A LookUp object specific for cell line annotation.

Examples

>>> import pertpy as pt
>>> pt_metadata = pt.md.CellLine()
>>> lookup = pt_metadata.lookup()
CellLine.plot_correlation(adata, corr, pval, *, identifier='DepMap_ID', metadata_key='bulk_rna_broad', category='cell line', subset_identifier=None, return_fig=False)[source]#

Visualise the correlation of cell lines with annotated metadata.

Parameters:
  • adata (AnnData) – Input data object.

  • corr (DataFrame) – Pearson correlation scores.

  • pval (DataFrame) – P-values for pearson correlation.

  • identifier (str, default: 'DepMap_ID') – Column in .obs containing the identifiers.

  • metadata_key (str, default: 'bulk_rna_broad') – Key of the AnnData obsm for comparison with the X matrix.

  • category (str, default: 'cell line') – The category for correlation comparison.

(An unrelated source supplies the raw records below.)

(* Assume the standing hypotheses (H). Let $t$ be an integer with $t\ge k_3/3$. Let $A$ be a part of $G$ with $|A|=4$, let $\{u,v\}\subseteq A$ be a good pair for $A$, and let $\{y,z\}=A\setminus\{u,v\}$. Then \[\bigl|(L(u)\cap L(v))\cup L(y)\cup L(z)\bigr|\ \ge\ n-t-k_4 .\]
   Context: A list assignment $L$ assigns to each vertex $v$ a set $L(v)$ of colors; an $L$-coloring is a proper coloring $f$ with $f(v)\in L(v)$ for all $v$; $\mathrm{ch}$ denotes choice number and $\chi$ chromatic number. A part of a complete multipartite graph is one of its maximal stable sets. Standing hypotheses (H): $k\ge1$ and $n\ge 2k+2$ are integers; $G$ is a complete $k$-partite graph (exactly $k$ nonempty parts) on $n$ vertices; $L$ is a list assignment for $G$ with $|L(v)|\ge\lceil (n+k-1)/3\rceil$ for every vertex $v$; $G$ has no $L$-coloring; $\left|\bigcup_{v\in V(G)}L(v)\right|\le n-1$; and every graph $H$ with fewer than $n$ vertices satisfies $\mathrm{ch}(H)\le\max\{\chi(H),\lceil(|V(H)|+\chi(H)-1)/3\rceil\}$. For $i\in\{1,2,3,4\}$, $k_i$ denotes the number of parts of $G$ of size $i$. For a part $A$ with $|A|\ge3$, a pair $\{u,v\}\subseteq A$ of distinct vertices is a good pair for $A$ if either $|A|=3$ and $|L(u)\cap L(v)|\ge\frac{k_1+k_4+1}{3}$, or $|A|=4$ and $|L(u)\cap L(v)|\ge|L(w)\cap L(z)|$ where $\{w,z\}=A\setminus\{u,v\}$. *)

theory Defs
  imports Complex_Main
begin

definition simple_graph :: "'a set \<Rightarrow> ('a \<Rightarrow> 'a \<Rightarrow> bool) \<Rightarrow> bool" where
  "simple_graph V E \<longleftrightarrow> finite V \<and> (\<forall>u\<in>V. \<forall>v\<in>V. E u v \<longrightarrow> E v u) \<and> (\<forall>v\<in>V. \<not> E v v)"

definition proper_coloring :: "'a set \<Rightarrow> ('a \<Rightarrow> 'a \<Rightarrow> bool) \<Rightarrow> ('a \<Rightarrow> 'c) \<Rightarrow> bool" where
  "proper_coloring V E f \<longleftrightarrow> (\<forall>u\<in>V. \<forall>v\<in>V. E u v \<longrightarrow> f u \<noteq> f v)"

definition L_coloring :: "'a set \<Rightarrow> ('a \<Rightarrow> 'a \<Rightarrow> bool) \<Rightarrow> ('a \<Rightarrow> 'c set) \<Rightarrow> ('a \<Rightarrow> 'c) \<Rightarrow> bool" where
  "L_coloring V E L f \<longleftrightarrow> proper_coloring V E f \<and> (\<forall>v\<in>V. f v \<in> L v)"

definition chromatic_number :: "'a set \<Rightarrow> ('a \<Rightarrow> 'a \<Rightarrow> bool) \<Rightarrow> nat" where
  "chromatic_number V E = (LEAST m. \<exists>f :: 'a \<Rightarrow> nat. proper_coloring V E f \<and> (\<forall>v\<in>V. f v < m))"

definition choice_number :: "'a set \<Rightarrow> ('a \<Rightarrow> 'a \<Rightarrow> bool) \<Rightarrow> nat" where
  "choice_number V E = (LEAST m. \<forall>L :: 'a \<Rightarrow> nat set.
      (\<forall>v\<in>V. finite (L v) \<and> card (L v) \<ge> m) \<longrightarrow> (\<exists>f. L_coloring V E L f))"

definition is_partition :: "'a set \<Rightarrow> 'a set set \<Rightarrow> bool" where
  "is_partition V P \<longleftrightarrow> \<Union>P = V \<and> {} \<notin> P \<and>
     (\<forall>A\<in>P. \<forall>B\<in>P. A \<noteq> B \<longrightarrow> A \<inter> B = {})"

definition cmp_adj :: "'a set set \<Rightarrow> 'a \<Rightarrow> 'a \<Rightarrow> bool" where
  "cmp_adj P u v \<longleftrightarrow> u \<in> \<Union>P \<and> v \<in> \<Union>P \<and> \<not> (\<exists>A\<in>P. u \<in> A \<and> v \<in> A)"

definition kpart :: "'a set set \<Rightarrow> nat \<Rightarrow> nat" where
  "kpart P i = card {A\<in>P. card A = i}"

text \<open>The induction hypothesis on graph size: every graph H with fewer than n vertices has
  ch(H) \<le> max(chi(H), ceil((|V(H)|+chi(H)-1)/3)). Graphs are taken on vertex type nat
  (every finite graph is isomorphic to one of these).\<close>
definition small_graphs_ok :: "nat \<Rightarrow> bool" where
  "small_graphs_ok n \<longleftrightarrow> (\<forall>(V :: nat set) E. simple_graph V E \<and> card V < n \<longrightarrow>
      choice_number V E \<le> max (chromatic_number V E)
         (nat \<lceil>(real (card V) + real (chromatic_number V E) - 1) / 3\<rceil>))"

end

theory Submission
  imports Defs
begin

text \<open>
  Let s = \<lceil>(n+k-1)/3\<rceil> be the guaranteed list size.
  (1) No colour lies in the lists of three vertices of one part: otherwise give these three
      (pairwise non-adjacent) vertices that colour and list-colour the remaining n-3 vertices
      by minimality, which needs lists of size \<lceil>(n-3+k-1)/3\<rceil> = s-1 only.
  (2) Hence by double counting the list sizes in a part sum to at most 2|\<Union>L| \<le> 2(n-1).
      Summing over all parts forces every part to have at most 4 vertices, so
      n \<le> 2k + k_3 + 3k_4.
  (3) For a part {u,v,y,z}, (1) makes L(u)\<inter>L(v) disjoint from L(y)\<union>L(z), and the good-pair
      condition gives |(L u \<inter> L v) \<union> L y \<union> L z| \<ge> |L y \<inter> L z| + |L y \<union> L z| \<ge> 2s.
  (4) Since 3s \<ge> n+k-1 and 3t \<ge> k_3, the bound n \<le> 2k + k_3 + 3k_4 turns 2s into n-t-k_4.
\<close>

section \<open>General facts on list colourings\<close>

lemma injective_choice_from_lists:
  assumes "finite V" and "\<forall>v\<in>V. finite (L v) \<and> card (L v) \<ge> card V"
  shows "\<exists>f. inj_on f V \<and> (\<forall>v\<in>V. f v \<in> L v)"
  using assms
proof (induction V rule: finite_induct)
  case empty
  then show ?case by auto
next
  case (insert x F)
  then have "\<forall>v\<in>F. finite (L v) \<and> card (L v) \<ge> card F" by auto
  with insert.IH obtain f where f: "inj_on f F" "\<forall>v\<in>F. f v \<in> L v" by blast
  have "card (f ` F) \<le> card F" by (rule card_image_le) (use insert in auto)
  also have "\<dots> < card (L x)" using insert.prems insert.hyps by auto
  finally have "card (f ` F) < card (L x)" .
  then have "\<not> L x \<subseteq> f ` F"
    using card_mono[of "f ` F" "L x"] insert.hyps(1) by auto
  then obtain c where c: "c \<in> L x" "c \<notin> f ` F" by blast
  have "inj_on (f(x := c)) (insert x F)" using f(1) c(2) insert.hyps(2)
    by (auto simp: inj_on_def)
  moreover have "\<forall>v\<in>insert x F. (f(x := c)) v \<in> L v" using f(2) c(1) insert.hyps(2) by auto
  ultimately show ?case by blast
qed

text \<open>The choice number deserves its name: lists of that size admit an L-colouring.
  (The least element exists because lists of size |V| always suffice.)\<close>
lemma L_coloring_from_choice_number:
  fixes L :: "'a \<Rightarrow> nat set"
  assumes fin: "finite V" and irr: "\<forall>v\<in>V. \<not> E v v"
    and lists: "\<forall>v\<in>V. finite (L v) \<and> card (L v) \<ge> choice_number V E"
  shows "\<exists>f. L_coloring V E L f"
proof -
  let ?Q = "\<lambda>m. \<forall>L :: 'a \<Rightarrow> nat set.
      (\<forall>v\<in>V. finite (L v) \<and> card (L v) \<ge> m) \<longrightarrow> (\<exists>f. L_coloring V E L f)"
  have "?Q (card V)"
  proof (intro allI impI)
    fix L :: "'a \<Rightarrow> nat set"
    assume "\<forall>v\<in>V. finite (L v) \<and> card (L v) \<ge> card V"
    from injective_choice_from_lists[OF fin this]
    obtain f where f: "inj_on f V" "\<forall>v\<in>V. f v \<in> L v" by blast
    have "proper_coloring V E f"
      unfolding proper_coloring_def using f(1) irr by (metis inj_on_contraD)
    then show "\<exists>f. L_coloring V E L f" using f(2) unfolding L_coloring_def by blast
  qed
  then have "?Q (LEAST m. ?Q m)" by (rule LeastI)
  then show ?thesis using lists unfolding choice_number_def by blast
qed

  • subset_identifier (str | int | Iterable[str] | Iterable[int] | None, default: None) – Selected identifiers for scatter plot visualization between the X matrix and metadata_key. If not None, only the chosen cell line will be plotted, either specified as a value in identifier (string) or as an index number. If None, all cell lines will be plotted.

  • return_fig (bool, default: False) – if True, returns figure of the plot, that can be used for saving.

Return type:

Figure | None

Returns:

Pearson correlation coefficients and their corresponding p-values for matched and unmatched cell lines separately.